Reverse-engineering tasks

  • [Junior] Figure out how depth handling is different with a 16bit versus 24bit depth buffer. In particular, if depth clear values have to be changed and so on...
  • [Junior] Figure out how color buffer handling is different with a 16bit versus 32bit colors.
  • Figure out the commands emitted on NV10, NV20, NV30 and NV40 by the following enables : GL_AUTO_NORMAL, GL_COLOR_MATERIAL, GL_COLOR_SUM_EXT, GL_CONVOLUTION_1D, GL_INDEX_LOGIC_OP, GL_LINE_SMOOTH, GL_LINE_STIPPLE,GL_MAP1_COLOR_4, GL_MAP1_INDEX, GL_MAP1_NORMAL, GL_MAP1_TEXTURE_COORD_1, GL_MAP1_TEXTURE_COORD_2, GL_MAP1_TEXTURE_COORD_3, GL_MAP1_TEXTURE_COORD_4, GL_MAP1_VERTEX_3, GL_MAP1_VERTEX_4, GL_MAP2_COLOR_4, GL_MAP2_INDEX, GL_MAP2_NORMAL, GL_MAP2_TEXTURE_COORD_1, GL_MAP2_TEXTURE_COORD_2, GL_MAP2_TEXTURE_COORD_3, GL_MAP2_TEXTURE_COORD_4, GL_MAP2_VERTEX_3, GL_MAP2_VERTEX_4. refer ?GL also figure out if those enables are useful to any real OpenGL application.
  • unify the NV10_TCL, NV20_TCL and NV30_TCL offset names.
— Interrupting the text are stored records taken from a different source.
lemma centered_chisq_sum_moments:
  fixes lam :: "nat \<Rightarrow> real"
  assumes "m \<le> n"
  shows "(\<forall>k\<le>4. integrable (gauss_space n) (\<lambda>G. centered_chisq_sum lam m G ^ k))
    \<and> integral\<^sup>L (gauss_space n) (centered_chisq_sum lam m) = 0
    \<and> integral\<^sup>L (gauss_space n) (\<lambda>G. centered_chisq_sum lam m G ^ 2) = 2 * (\<Sum>i<m. lam i ^ 2)
    \<and> integral\<^sup>L (gauss_space n) (\<lambda>G. centered_chisq_sum lam m G ^ 3) = 8 * (\<Sum>i<m. lam i ^ 3)
    \<and> integral\<^sup>L (gauss_space n) (\<lambda>G. centered_chisq_sum lam m G ^ 4)
        = 12 * (\<Sum>i<m. lam i ^ 2)\<^sup>2 + 48 * (\<Sum>i<m. lam i ^ 4)"
  using assms
proof (induction m)
  case 0
  interpret prob_space "gauss_space n" by (rule prob_space_gauss_space)
  show ?case by (simp add: centered_chisq_sum_def)
next
  case (Suc m)
  interpret prob_space "gauss_space n" by (rule prob_space_gauss_space)
  define Y where "Y = (\<lambda>G :: nat \<Rightarrow> real. lam m * ((G m)\<^sup>2 - 1))"
  define S where "S = centered_chisq_sum lam m"
  have m: "m < n" using Suc.prems by simp
  have Y: "integrable (gauss_space n) (\<lambda>G. Y G ^ k)"
    "expectation (\<lambda>G. Y G ^ k) = lam m ^ k * [1, 0, 2, 8, 60] ! k" if "k \<le> 4" for k
    using has_bochner_integral_scaled_centered_square[OF m that, of lam]
    unfolding Y_def has_bochner_integral_iff by simp_all
  then have Y_integrable: "\<forall>k\<le>4. integrable (gauss_space n) (\<lambda>G. Y G ^ k)"
    by blast
  have Y_moments: "expectation Y = 0" "expectation (\<lambda>G. Y G ^ 2) = 2 * lam m ^ 2"
    "expectation (\<lambda>G. Y G ^ 3) = 8 * lam m ^ 3" "expectation (\<lambda>G. Y G ^ 4) = 60 * lam m ^ 4"
    using Y(2)[of 1] Y(2)[of 2] Y(2)[of 3] Y(2)[of 4] by simp_all
  have S: "\<forall>k\<le>4. integrable (gauss_space n) (\<lambda>G. S G ^ k)"
    "expectation S = 0"
    "expectation (\<lambda>G. S G ^ 2) = 2 * (\<Sum>i<m. lam i ^ 2)"
    "expectation (\<lambda>G. S G ^ 3) = 8 * (\<Sum>i<m. lam i ^ 3)"
    "expectation (\<lambda>G. S G ^ 4) = 12 * (\<Sum>i<m. lam i ^ 2)\<^sup>2 + 48 * (\<Sum>i<m. lam i ^ 4)"
    using Suc by (simp_all add: S_def)
  note sum_moments = moments_add_indep_centered[OF
      indep_var_centered_chisq_sum[OF m, of lam, folded Y_def S_def] Y_integrable S(1) Y_moments(1) S(2)]
  have "centered_chisq_sum lam (Suc m) = (\<lambda>G. Y G + S G)"
    by (simp add: fun_eq_iff centered_chisq_sum_def Y_def S_def)
  moreover have "expectation (\<lambda>G. (Y G + S G) ^ 2) = 2 * (\<Sum>i<Suc m. lam i ^ 2)"
    and "expectation (\<lambda>G. (Y G + S G) ^ 3) = 8 * (\<Sum>i<Suc m. lam i ^ 3)"
    and "expectation (\<lambda>G. (Y G + S G) ^ 4)
           = 12 * (\<Sum>i<Suc m. lam i ^ 2)\<^sup>2 + 48 * (\<Sum>i<Suc m. lam i ^ 4)"
    unfolding sum_moments(3-5) S(3-5) Y_moments(2-4)
    by (simp_all add: power2_eq_square power4_eq_xxxx algebra_simps)
  ultimately show ?case
    using sum_moments(1,2) by simp
qed

lemma sum_power4_le_square_sum_power2:
  fixes x :: "'i \<Rightarrow> real"
  assumes "finite A"
  shows "(\<Sum>i\<in>A. x i ^ 4) \<le> (\<Sum>i\<in>A. x i ^ 2)\<^sup>2"
proof -
  have "(\<Sum>i\<in>A. x i ^ 4) \<le> (\<Sum>i\<in>A. x i ^ 2 * (\<Sum>j\<in>A. x j ^ 2))"
  proof (rule sum_mono)
    fix i assume "i \<in> A"
    then have "x i ^ 2 \<le> (\<Sum>j\<in>A. x j ^ 2)"
      using assms by (intro member_le_sum) auto
    then have "x i ^ 2 * x i ^ 2 \<le> x i ^ 2 * (\<Sum>j\<in>A. x j ^ 2)"
      by (intro mult_left_mono) auto
    then show "x i ^ 4 \<le> x i ^ 2 * (\<Sum>j\<in>A. x j ^ 2)"
      by (simp add: power4_eq_xxxx power2_eq_square mult.assoc)
  qed
  also have "\<dots> = (\<Sum>i\<in>A. x i ^ 2)\<^sup>2"
    by (simp add: sum_distrib_right power2_eq_square)
  finally show ?thesis .
qed

lemma sum_power3_le_sqrt_sum_power2_cube:
  fixes x :: "'i \<Rightarrow> real"
  assumes "finite A"
  shows "(\<Sum>i\<in>A. x i ^ 3) \<le> sqrt (\<Sum>i\<in>A. x i ^ 2) ^ 3"
proof -
  define f where "f = sqrt (\<Sum>i\<in>A. x i ^ 2)"
  have "(\<Sum>i\<in>A. x i ^ 3) \<le> (\<Sum>i\<in>A. x i ^ 2 * f)"
  proof (rule sum_mono)
    fix i assume "i \<in> A"
    then have "x i ^ 2 \<le> (\<Sum>j\<in>A. x j ^ 2)"
      using assms by (intro member_le_sum) auto
    then have "\<bar>x i\<bar> \<le> f"
      unfolding f_def using real_sqrt_le_mono real_sqrt_abs by metis
    then have "x i ^ 2 * x i \<le> x i ^ 2 * f"
      by (intro mult_left_mono) auto
    then show "x i ^ 3 \<le> x i ^ 2 * f"
      by (simp add: power2_eq_square power3_eq_cube)
  qed
  also have "\<dots> = f\<^sup>2 * f"
    by (simp add: f_def sum_nonneg flip: sum_distrib_right)
  also have "\<dots> = f ^ 3"
    by (simp add: power3_eq_cube power2_eq_square)
  finally show ?thesis
    unfolding f_def .
qed

lemma cube_le_fourth_power_div_plus_cube:
  fixes z b :: real
  assumes "0 \<le> z" and "0 < b"
  shows "z ^ 3 \<le> z ^ 4 / b + b ^ 3"
proof (cases "z \<le> b")
  case True
  then have "z ^ 3 \<le> b ^ 3"
    using assms by (intro power_mono) auto
  moreover have "0 \<le> z ^ 4 / b"
    using assms by simp
  ultimately show ?thesis by linarith
next
  case False
  then have "z ^ 3 * b \<le> z ^ 3 * z"
    using assms by (intro mult_left_mono) auto
  then have "z ^ 3 \<le> z ^ 4 / b"
    using assms by (simp add: field_simps power_Suc2 flip: power_Suc)
  moreover have "0 \<le> b ^ 3"
    using assms by simp
  ultimately show ?thesis by linarith
qed

lemma upper_tail_cubic_le:
  fixes z f b :: real
  assumes "0 \<le> f" and "0 < b"
  shows "(z - f) * (z + 2 * f)\<^sup>2 \<le> 9 / b * z ^ 4 + 9 * b ^ 3 * (if f < z then 1 else 0)"
proof (cases "f < z")
  case True
  have "(z - f) * (z + 2 * f)\<^sup>2 \<le> z * (3 * z)\<^sup>2"
    using True assms by (intro mult_mono power_mono) auto
  also have "\<dots> = 9 * z ^ 3"
    by (simp add: power2_eq_square power3_eq_cube)
  also have "\<dots> \<le> 9 * (z ^ 4 / b + b ^ 3)"
    using True assms cube_le_fourth_power_div_plus_cube[of z b] by simp
  finally show ?thesis
    using True by simp
next
  case False
  then have "(z - f) * (z + 2 * f)\<^sup>2 \<le> 0"
    by (intro mult_nonpos_nonneg) auto
  moreover have "0 \<le> 9 / b * z ^ 4"
    using assms by (simp add: zero_le_even_power)
  ultimately show ?thesis
    using False by simp
qed

lemma lower_tail_cubic_le:
  fixes z f b :: real
  assumes "0 \<le> f" and "0 < b"
  shows "- z * (3 * f - z)\<^sup>2 \<le> 16 / b * z ^ 4 + 16 * (b ^ 3 + f ^ 3) * (if z < 0 then 1 else 0)"
proof (cases "z < 0")
  case True
  define u where "u = - z"
  have u: "0 < u"
    using True by (simp add: u_def)
  have "u * (u + 3 * f)\<^sup>2 \<le> 16 * u ^ 3 + 16 * f ^ 3"
  proof (cases "u \<le> f")
    case True
    then have "u * (u + 3 * f)\<^sup>2 \<le> f * (4 * f)\<^sup>2"
      using u by (intro mult_mono power_mono) auto
    moreover have "f * (4 * f)\<^sup>2 = 16 * f ^ 3"
      by (simp add: power2_eq_square power3_eq_cube)
    moreover have "0 \<le> u ^ 3"
      using u by simp
    ultimately show ?thesis by linarith
  next
    case False
    then have "u * (u + 3 * f)\<^sup>2 \<le> u * (4 * u)\<^sup>2"
      using u assms by (intro mult_mono power_mono) auto
    moreover have "u * (4 * u)\<^sup>2 = 16 * u ^ 3"
      by (simp add: power2_eq_square power3_eq_cube)
    moreover have "0 \<le> f ^ 3"
      using assms by simp
    ultimately show ?thesis by linarith
  qed
  also have "\<dots> \<le> 16 * (u ^ 4 / b + b ^ 3) + 16 * f ^ 3"
    using u assms cube_le_fourth_power_div_plus_cube[of u b] by simp
  finally show ?thesis
    using True by (simp add: u_def algebra_simps)
next
  case False
  then have "- z * (3 * f - z)\<^sup>2 \<le> 0"
    by (simp add: mult_nonneg_nonneg)
  moreover have "0 \<le> 16 / b * z ^ 4"
    using assms by (simp add: zero_le_even_power)
  ultimately show ?thesis
    using False by (simp only: if_False mult_zero_right add_0_right)
qed

lemma (in prob_space) expectation_le_fourth_moment_plus_prob:
  fixes g Z :: "'a \<Rightarrow> real"
  assumes g: "integrable M g" and Z4: "integrable M (\<lambda>\<omega>. Z \<omega> ^ 4)" and A: "A \<in> events"
    and b: "0 < b" and c: "0 \<le> c" and m4: "expectation (\<lambda>\<omega>. Z \<omega> ^ 4) \<le> \<mu>"
    and le: "\<And>\<omega>. \<omega> \<in> space M \<Longrightarrow> g \<omega> \<le> c / b * Z \<omega> ^ 4 + d * indicator A \<omega>"
  shows "expectation g \<le> c / b * \<mu> + d * prob A"
proof -
  have indicator: "integrable M (indicator A :: 'a \<Rightarrow> real)"
    using A by (simp add: integrable_indicator_iff less_top[symmetric])
  have "expectation g \<le> expectation (\<lambda>\<omega>. c / b * Z \<omega> ^ 4 + d * indicator A \<omega>)"
    using g Z4 indicator le by (intro integral_mono) auto
  also have "\<dots> = c / b * expectation (\<lambda>\<omega>. Z \<omega> ^ 4) + d * prob A"
    using Z4 indicator A by (simp add: Int_absorb2)
  also have "\<dots> \<le> c / b * \<mu> + d * prob A"
    using m4 b c by (intro add_right_mono mult_left_mono) auto
  finally show ?thesis .
qed

lemma (in prob_space) prob_greater_ge_of_moments:
  fixes Z :: "'a \<Rightarrow> real"
  assumes int: "\<forall>k\<le>4. integrable M (\<lambda>\<omega>. Z \<omega> ^ k)"
    and f: "0 < f" and K: "0 < K"
    and m2: "2 * f\<^sup>2 \<le> expectation (\<lambda>\<omega>. Z \<omega> ^ 2)"
    and m3: "0 \<le> expectation (\<lambda>\<omega>. Z \<omega> ^ 3)"
    and m4: "expectation (\<lambda>\<omega>. Z \<omega> ^ 4) \<le> K * f ^ 4"
  shows "1 / (6561 * K ^ 3) \<le> prob {\<omega> \<in> space M. f < Z \<omega>}"
proof -
  define A where "A = {\<omega> \<in> space M. f < Z \<omega>}"
  \<comment> \<open>this choice makes the fourth-moment contribution exactly \<open>f\<^sup>3\<close>\<close>
  define b where "b = 9 * K * f"
  have b: "0 < b"
    using f K by (simp add: b_def)
  have int2: "integrable M (\<lambda>\<omega>. Z \<omega> ^ 2)" and int3: "integrable M (\<lambda>\<omega>. Z \<omega> ^ 3)"
    and int4: "integrable M (\<lambda>\<omega>. Z \<omega> ^ 4)"
    using int by simp_all
  have "random_variable borel Z"
    using int[rule_format, of 1] by (simp add: borel_measurable_integrable)
  then have A: "A \<in> events"
    unfolding A_def by measurable
  have cubic: "(\<lambda>\<omega>. (Z \<omega> - f) * (Z \<omega> + 2 * f)\<^sup>2) = (\<lambda>\<omega>. Z \<omega> ^ 3 + 3 * f * Z \<omega> ^ 2 - 4 * f ^ 3)"
    by (simp add: fun_eq_iff power2_eq_square power3_eq_cube algebra_simps)
  have "expectation (\<lambda>\<omega>. (Z \<omega> - f) * (Z \<omega> + 2 * f)\<^sup>2)
      = expectation (\<lambda>\<omega>. Z \<omega> ^ 3) + 3 * f * expectation (\<lambda>\<omega>. Z \<omega> ^ 2) - 4 * f ^ 3"
    unfolding cubic using int2 int3 by (simp add: prob_space)
  moreover have "6 * f ^ 3 \<le> 3 * f * expectation (\<lambda>\<omega>. Z \<omega> ^ 2)"
    using mult_left_mono[OF m2, of "3 * f"] f by (simp add: power2_eq_square power3_eq_cube)
  ultimately have "2 * f ^ 3 \<le> expectation (\<lambda>\<omega>. (Z \<omega> - f) * (Z \<omega> + 2 * f)\<^sup>2)"
    using m3 by linarith
  also have "\<dots> \<le> 9 / b * (K * f ^ 4) + 9 * b ^ 3 * prob A"
  proof (rule expectation_le_fourth_moment_plus_prob[OF _ int4 A b _ m4])
    show "integrable M (\<lambda>\<omega>. (Z \<omega> - f) * (Z \<omega> + 2 * f)\<^sup>2)"
      unfolding cubic using int2 int3 by simp
    fix \<omega> assume "\<omega> \<in> space M"
    then have "indicator A \<omega> = (if f < Z \<omega> then 1 else (0::real))"
      by (simp add: A_def)
    then show "(Z \<omega> - f) * (Z \<omega> + 2 * f)\<^sup>2 \<le> 9 / b * Z \<omega> ^ 4 + 9 * b ^ 3 * indicator A \<omega>"
      using upper_tail_cubic_le[OF less_imp_le[OF f] b, of "Z \<omega>"] by (simp only:)
  qed simp
  also have "\<dots> = f ^ 3 + 6561 * K ^ 3 * f ^ 3 * prob A"
    using f K by (simp add: b_def power_mult_distrib power4_eq_xxxx power3_eq_cube)
  finally have "f ^ 3 * 1 \<le> f ^ 3 * (6561 * K ^ 3 * prob A)"
    by (simp add: algebra_simps)
  then have "1 \<le> 6561 * K ^ 3 * prob A"
    using f by (simp add: mult_le_cancel_left_pos)
  then show ?thesis
    using K by (simp add: A_def field_simps)
qed
(* Let $n,m,\ell\in\mathbb{N}_0$, let $U_{\mathrm{pos}}\subset\mathbb{R}^n$ be open, let $A:U_{\mathrm{pos}}\to\mathbb{R}^{\ell\times n}$ and $B:U_{\mathrm{pos}}\to\mathbb{R}^{n\times m}$ be continuous, and assume that $A$ has constant rank on $U_{\mathrm{pos}}$. For $\bm{r}\in U_{\mathrm{pos}}$ let $\mathcal{D}_{\bm{r}}\subset\mathbb{R}^{3n+m}\times\mathbb{R}^{3n+m}$ be the set of all pairs of a flow $f=(\bm{v}_{\mathcal{L},f},\bm{F}_{\mathcal{L},f},\bm{v}_{\mathcal{R}},\bm{v}_{\mathrm{ext}})\in\mathbb{R}^n\times\mathbb{R}^n\times\mathbb{R}^n\times\mathbb{R}^m$ and an effort $e=(\bm{F}_{\mathcal{L},e},\bm{v}_{\mathcal{L},e},\bm{F}_{\mathcal{R}},\bm{F}_{\mathrm{ext}})\in\mathbb{R}^n\times\mathbb{R}^n\times\mathbb{R}^n\times\mathbb{R}^m$ such that $\bm{v}_{\mathcal{L},f}=\bm{v}_{\mathcal{L},e}=\bm{v}_{\mathcal{R}}$, $A(\bm{r})\bm{v}_{\mathcal{L},e}=0$, $\bm{v}_{\mathrm{ext}}=B(\bm{r})^\top\bm{v}_{\mathcal{L},e}$, and there exists $\bm{\mu}\in\mathbb{R}^\ell$ with $\bm{F}_{\mathcal{L},f}+\bm{F}_{\mathcal{L},e}+\bm{F}_{\mathcal{R}}+B(\bm{r})\bm{F}_{\mathrm{ext}}+A(\bm{r})^\top\bm{\mu}=0$. Then the family $(\mathcal{D}_{\bm{r}})_{\bm{r}\in U_{\mathrm{pos}}}$ is a modulated Dirac structure.
   Context: A subspace $\mathcal{D}\subset\mathbb{R}^N\times\mathbb{R}^N$ is a Dirac structure if for all $f,e\in\mathbb{R}^N$: $(f,e)\in\mathcal{D}$ if and only if $\hat f^\top e+f^\top\hat e=0$ for all $(\hat f,\hat e)\in\mathcal{D}$. For $U\subset\mathbb{R}^k$ open, a family $(\mathcal{D}_x)_{x\in U}$ of subspaces of $\mathbb{R}^N\times\mathbb{R}^N$ is a modulated Dirac structure if for every $x\in U$: (a) $\mathcal{D}_x$ is a Dirac structure, and (b) there exist a neighborhood $U_x\subset U$ of $x$ and a family $(T_y)_{y\in U_x}$ of linear bijective maps $T_y:\mathbb{R}^N\to\mathcal{D}_y$ such that for every $z\in\mathbb{R}^N$ the map $y\mapsto T_yz$ from $U_x$ to $\mathbb{R}^N\times\mathbb{R}^N$ is continuous. *)

theory Defs
  imports "HOL-Analysis.Analysis" "HOL-Library.Function_Algebras"
begin

text \<open>A vector of R^N is a function nat => real vanishing at all
indices >= N; a (nr x nc)-matrix is a function nat => nat => real, of which
only the entries M i j with i < nr, j < nc are used. Topologies: the product
topology on nat => real (Function_Topology), restricted to R^N; on R^N this is
the Euclidean topology.\<close>

definition rvec :: "nat \<Rightarrow> (nat \<Rightarrow> real) set" where
  "rvec N = {x. \<forall>i\<ge>N. x i = 0}"

definition ip :: "nat \<Rightarrow> (nat \<Rightarrow> real) \<Rightarrow> (nat \<Rightarrow> real) \<Rightarrow> real" where
  "ip N x y = (\<Sum>i<N. x i * y i)"

definition mv :: "nat \<Rightarrow> nat \<Rightarrow> (nat \<Rightarrow> nat \<Rightarrow> real) \<Rightarrow> (nat \<Rightarrow> real) \<Rightarrow> (nat \<Rightarrow> real)" where
  "mv nr nc M x = (\<lambda>i. if i < nr then (\<Sum>j<nc. M i j * x j) else 0)"

definition mtrans :: "(nat \<Rightarrow> nat \<Rightarrow> real) \<Rightarrow> (nat \<Rightarrow> nat \<Rightarrow> real)" where
  "mtrans M = (\<lambda>i j. M j i)"

definition fscale :: "real \<Rightarrow> (nat \<Rightarrow> real) \<Rightarrow> (nat \<Rightarrow> real)" where
  "fscale c x = (\<lambda>i. c * x i)"

definition mat_rank :: "nat \<Rightarrow> nat \<Rightarrow> (nat \<Rightarrow> nat \<Rightarrow> real) \<Rightarrow> nat" where
  "mat_rank nr nc M =
     vector_space.dim fscale ((\<lambda>j. \<lambda>i. if i < nr then M i j else 0) ` {..<nc})"

definition blk :: "nat \<Rightarrow> nat \<Rightarrow> (nat \<Rightarrow> real) \<Rightarrow> (nat \<Rightarrow> real)" where
  "blk off len x = (\<lambda>i. if i < len then x (off + i) else 0)"

definition dirac :: "nat \<Rightarrow> ((nat \<Rightarrow> real) \<times> (nat \<Rightarrow> real)) set \<Rightarrow> bool" where
  "dirac N D \<longleftrightarrow>
     D \<subseteq> rvec N \<times> rvec N \<and>
     (0, 0) \<in> D \<and>
     (\<forall>(f, e)\<in>D. \<forall>(f', e')\<in>D. (\<lambda>i. f i + f' i, \<lambda>i. e i + e' i) \<in> D) \<and>
     (\<forall>(f, e)\<in>D. \<forall>c::real. (\<lambda>i. c * f i, \<lambda>i. c * e i) \<in> D) \<and>
     (\<forall>f\<in>rvec N. \<forall>e\<in>rvec N.
        (f, e) \<in> D \<longleftrightarrow> (\<forall>(fh, eh)\<in>D. ip N fh e + ip N f eh = 0))"

definition lin_bij_onto :: "nat \<Rightarrow> ((nat \<Rightarrow> real) \<Rightarrow> (nat \<Rightarrow> real) \<times> (nat \<Rightarrow> real))
     \<Rightarrow> ((nat \<Rightarrow> real) \<times> (nat \<Rightarrow> real)) set \<Rightarrow> bool" where
  "lin_bij_onto N T D \<longleftrightarrow>
     (\<forall>x\<in>rvec N. \<forall>y\<in>rvec N. T (\<lambda>i. x i + y i) =
        (\<lambda>i. fst (T x) i + fst (T y) i, \<lambda>i. snd (T x) i + snd (T y) i)) \<and>
     (\<forall>x\<in>rvec N. \<forall>c::real. T (\<lambda>i. c * x i) =
        (\<lambda>i. c * fst (T x) i, \<lambda>i. c * snd (T x) i)) \<and>
     bij_betw T (rvec N) D"

definition modulated_dirac :: "nat \<Rightarrow> nat \<Rightarrow> (nat \<Rightarrow> real) set
     \<Rightarrow> ((nat \<Rightarrow> real) \<Rightarrow> ((nat \<Rightarrow> real) \<times> (nat \<Rightarrow> real)) set) \<Rightarrow> bool" where
  "modulated_dirac k N U D \<longleftrightarrow>
     (\<forall>x\<in>U. dirac N (D x) \<and>
        (\<exists>Ux T. openin (top_of_set (rvec k)) Ux \<and> x \<in> Ux \<and> Ux \<subseteq> U \<and>
           (\<forall>y\<in>Ux. lin_bij_onto N (T y) (D y)) \<and>
           (\<forall>z\<in>rvec N. continuous_on Ux (\<lambda>y. T y z))))"

definition Dpos :: "nat \<Rightarrow> nat \<Rightarrow> nat \<Rightarrow> ((nat \<Rightarrow> real) \<Rightarrow> nat \<Rightarrow> nat \<Rightarrow> real)
     \<Rightarrow> ((nat \<Rightarrow> real) \<Rightarrow> nat \<Rightarrow> nat \<Rightarrow> real) \<Rightarrow> (nat \<Rightarrow> real)
     \<Rightarrow> ((nat \<Rightarrow> real) \<times> (nat \<Rightarrow> real)) set" where
  "Dpos n m l A B r = {(f, e). f \<in> rvec (3*n+m) \<and> e \<in> rvec (3*n+m) \<and>
     (let vLf = blk 0 n f; FLf = blk n n f; vR = blk (2*n) n f; vext = blk (3*n) m f;
          FLe = blk 0 n e; vLe = blk n n e; FR = blk (2*n) n e; Fext = blk (3*n) m e
      in vLf = vLe \<and> vLe = vR \<and>
         mv l n (A r) vLe = (\<lambda>_. 0) \<and>
         vext = mv m n (mtrans (B r)) vLe \<and>
         (\<exists>\<mu>\<in>rvec l. (\<lambda>i. FLf i + FLe i + FR i + mv n m (B r) Fext i
                             + mv n l (mtrans (A r)) \<mu> i) = (\<lambda>_. 0)))}"

end

theory Submission
  imports Defs "Jordan_Normal_Form.Determinant"
begin

text \<open>Isotropy of \<open>D\<^sub>r\<close> follows from the adjointness of \<open>A, B\<close> and their transposes:
  a velocity \<open>v \<in> ker A\<close> does no work against a constraint force \<open>A\<^sup>T \<mu>\<close>. Pairing
  with suitable elements of \<open>D\<^sub>r\<close> reduces maximality to the identity
  \<open>(ker A)\<^sup>\<bottom> = range A\<^sup>T\<close>.

  For the local parametrization near \<open>r\<^sub>0\<close>, choose columns of \<open>A(r\<^sub>0)\<close> forming a
  basis of its column space. Their Gram determinant stays nonzero near \<open>r\<^sub>0\<close>, so these
  columns stay independent and, the rank being constant, remain a basis; the coordinates
  \<open>C(r) = G(r)\<^sup>-\<^sup>1 A\<^sub>J(r)\<^sup>T A(r)\<close> of all columns in this basis depend
  continuously on \<open>r\<close>. The coordinates outside the basis then parametrize \<open>ker A(r)\<close>, the
  basic ones parametrize \<open>range A(r)\<^sup>T\<close>, and together with the remaining blocks this
  yields \<open>T\<^sub>r\<close>.\<close>

section \<open>Vectors and block decomposition\<close>

lemma rvec_zero: "(\<lambda>_. 0) \<in> rvec N"
  and rvec_add: "x \<in> rvec N \<Longrightarrow> y \<in> rvec N \<Longrightarrow> (\<lambda>i. x i + y i) \<in> rvec N"
  and rvec_diff: "x \<in> rvec N \<Longrightarrow> y \<in> rvec N \<Longrightarrow> (\<lambda>i. x i - y i) \<in> rvec N"
  and rvec_uminus: "x \<in> rvec N \<Longrightarrow> (\<lambda>i. - x i) \<in> rvec N"
  and rvec_scale: "x \<in> rvec N \<Longrightarrow> (\<lambda>i. c * x i) \<in> rvec N"
  and mv_in_rvec: "mv nr nc M x \<in> rvec nr"
  and blk_in_rvec: "blk off len x \<in> rvec len"
  by (auto simp: rvec_def mv_def blk_def)

lemmas rvec_closed = rvec_zero rvec_add rvec_diff rvec_uminus rvec_scale mv_in_rvec blk_in_rvec

lemma mv_zero: "mv nr nc M (\<lambda>_. 0) = (\<lambda>_. 0)"
  and mv_add: "mv nr nc M (\<lambda>i. x i + y i) = (\<lambda>i. mv nr nc M x i + mv nr nc M y i)"
  and mv_scale: "mv nr nc M (\<lambda>i. c * x i) = (\<lambda>i. c * mv nr nc M x i)"
  and mv_uminus: "mv nr nc M (\<lambda>i. - x i) = (\<lambda>i. - mv nr nc M x i)"
  by (auto simp: mv_def fun_eq_iff sum.distrib sum_distrib_left sum_negf algebra_simps)

lemma ip_commute: "ip N x y = ip N y x"
  by (simp add: ip_def mult.commute)

lemma ip_zero_left [simp]: "ip N (\<lambda>_. 0) x = 0"
  and ip_zero_right [simp]: "ip N x (\<lambda>_. 0) = 0"
  and ip_add_left: "ip N (\<lambda>i. x i + y i) z = ip N x z + ip N y z"
  and ip_add_right: "ip N x (\<lambda>i. y i + z i) = ip N x y + ip N x z"
  and ip_diff_left: "ip N (\<lambda>i. x i - y i) z = ip N x z - ip N y z"
  and ip_diff_right: "ip N x (\<lambda>i. y i - z i) = ip N x y - ip N x z"
  and ip_uminus_left: "ip N (\<lambda>i. - x i) y = - ip N x y"
  and ip_uminus_right: "ip N x (\<lambda>i. - y i) = - ip N x y"
  by (simp_all add: ip_def algebra_simps sum.distrib sum_subtractf sum_negf)

lemma ip_mv_mtrans: "ip nc (mv nc nr (mtrans M) v) x = ip nr v (mv nr nc M x)"
  unfolding ip_def mv_def mtrans_def
  by (simp add: sum_distrib_left sum_distrib_right mult_ac sum.swap[of _ "{..<nc}"])

lemma ip_self_eq_0:
  assumes "x \<in> rvec N" "ip N x x = 0"
  shows "x = (\<lambda>_. 0)"
proof
  have sq: "x i * x i = 0" if "i < N" for i
    using assms(2) that unfolding ip_def by (subst (asm) sum_nonneg_eq_0_iff) auto
  show "x i = 0" for i
    using sq[of i] assms(1) by (cases "i < N") (auto simp: rvec_def)
qed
Right now there are offsets for similar commands that bear different names.
  • [Junior with OpenGL knowledge] Write new tests for unexplored extensions.
  • [Junior] merge the xbox commands found in inner.txt into the NV20_TCL_PRIMITIVE object

Other items

  • [junior] Write a VRAM memtest tool. Map MMIO and use the PRAMIN (or PMEM) aperture to access the non-mappable VRAM, too. Make it a standalone tool, that does not use DRM, and restores the memory contents. Should be executed with GPU halted, i.e. in vga text mode or vesafb.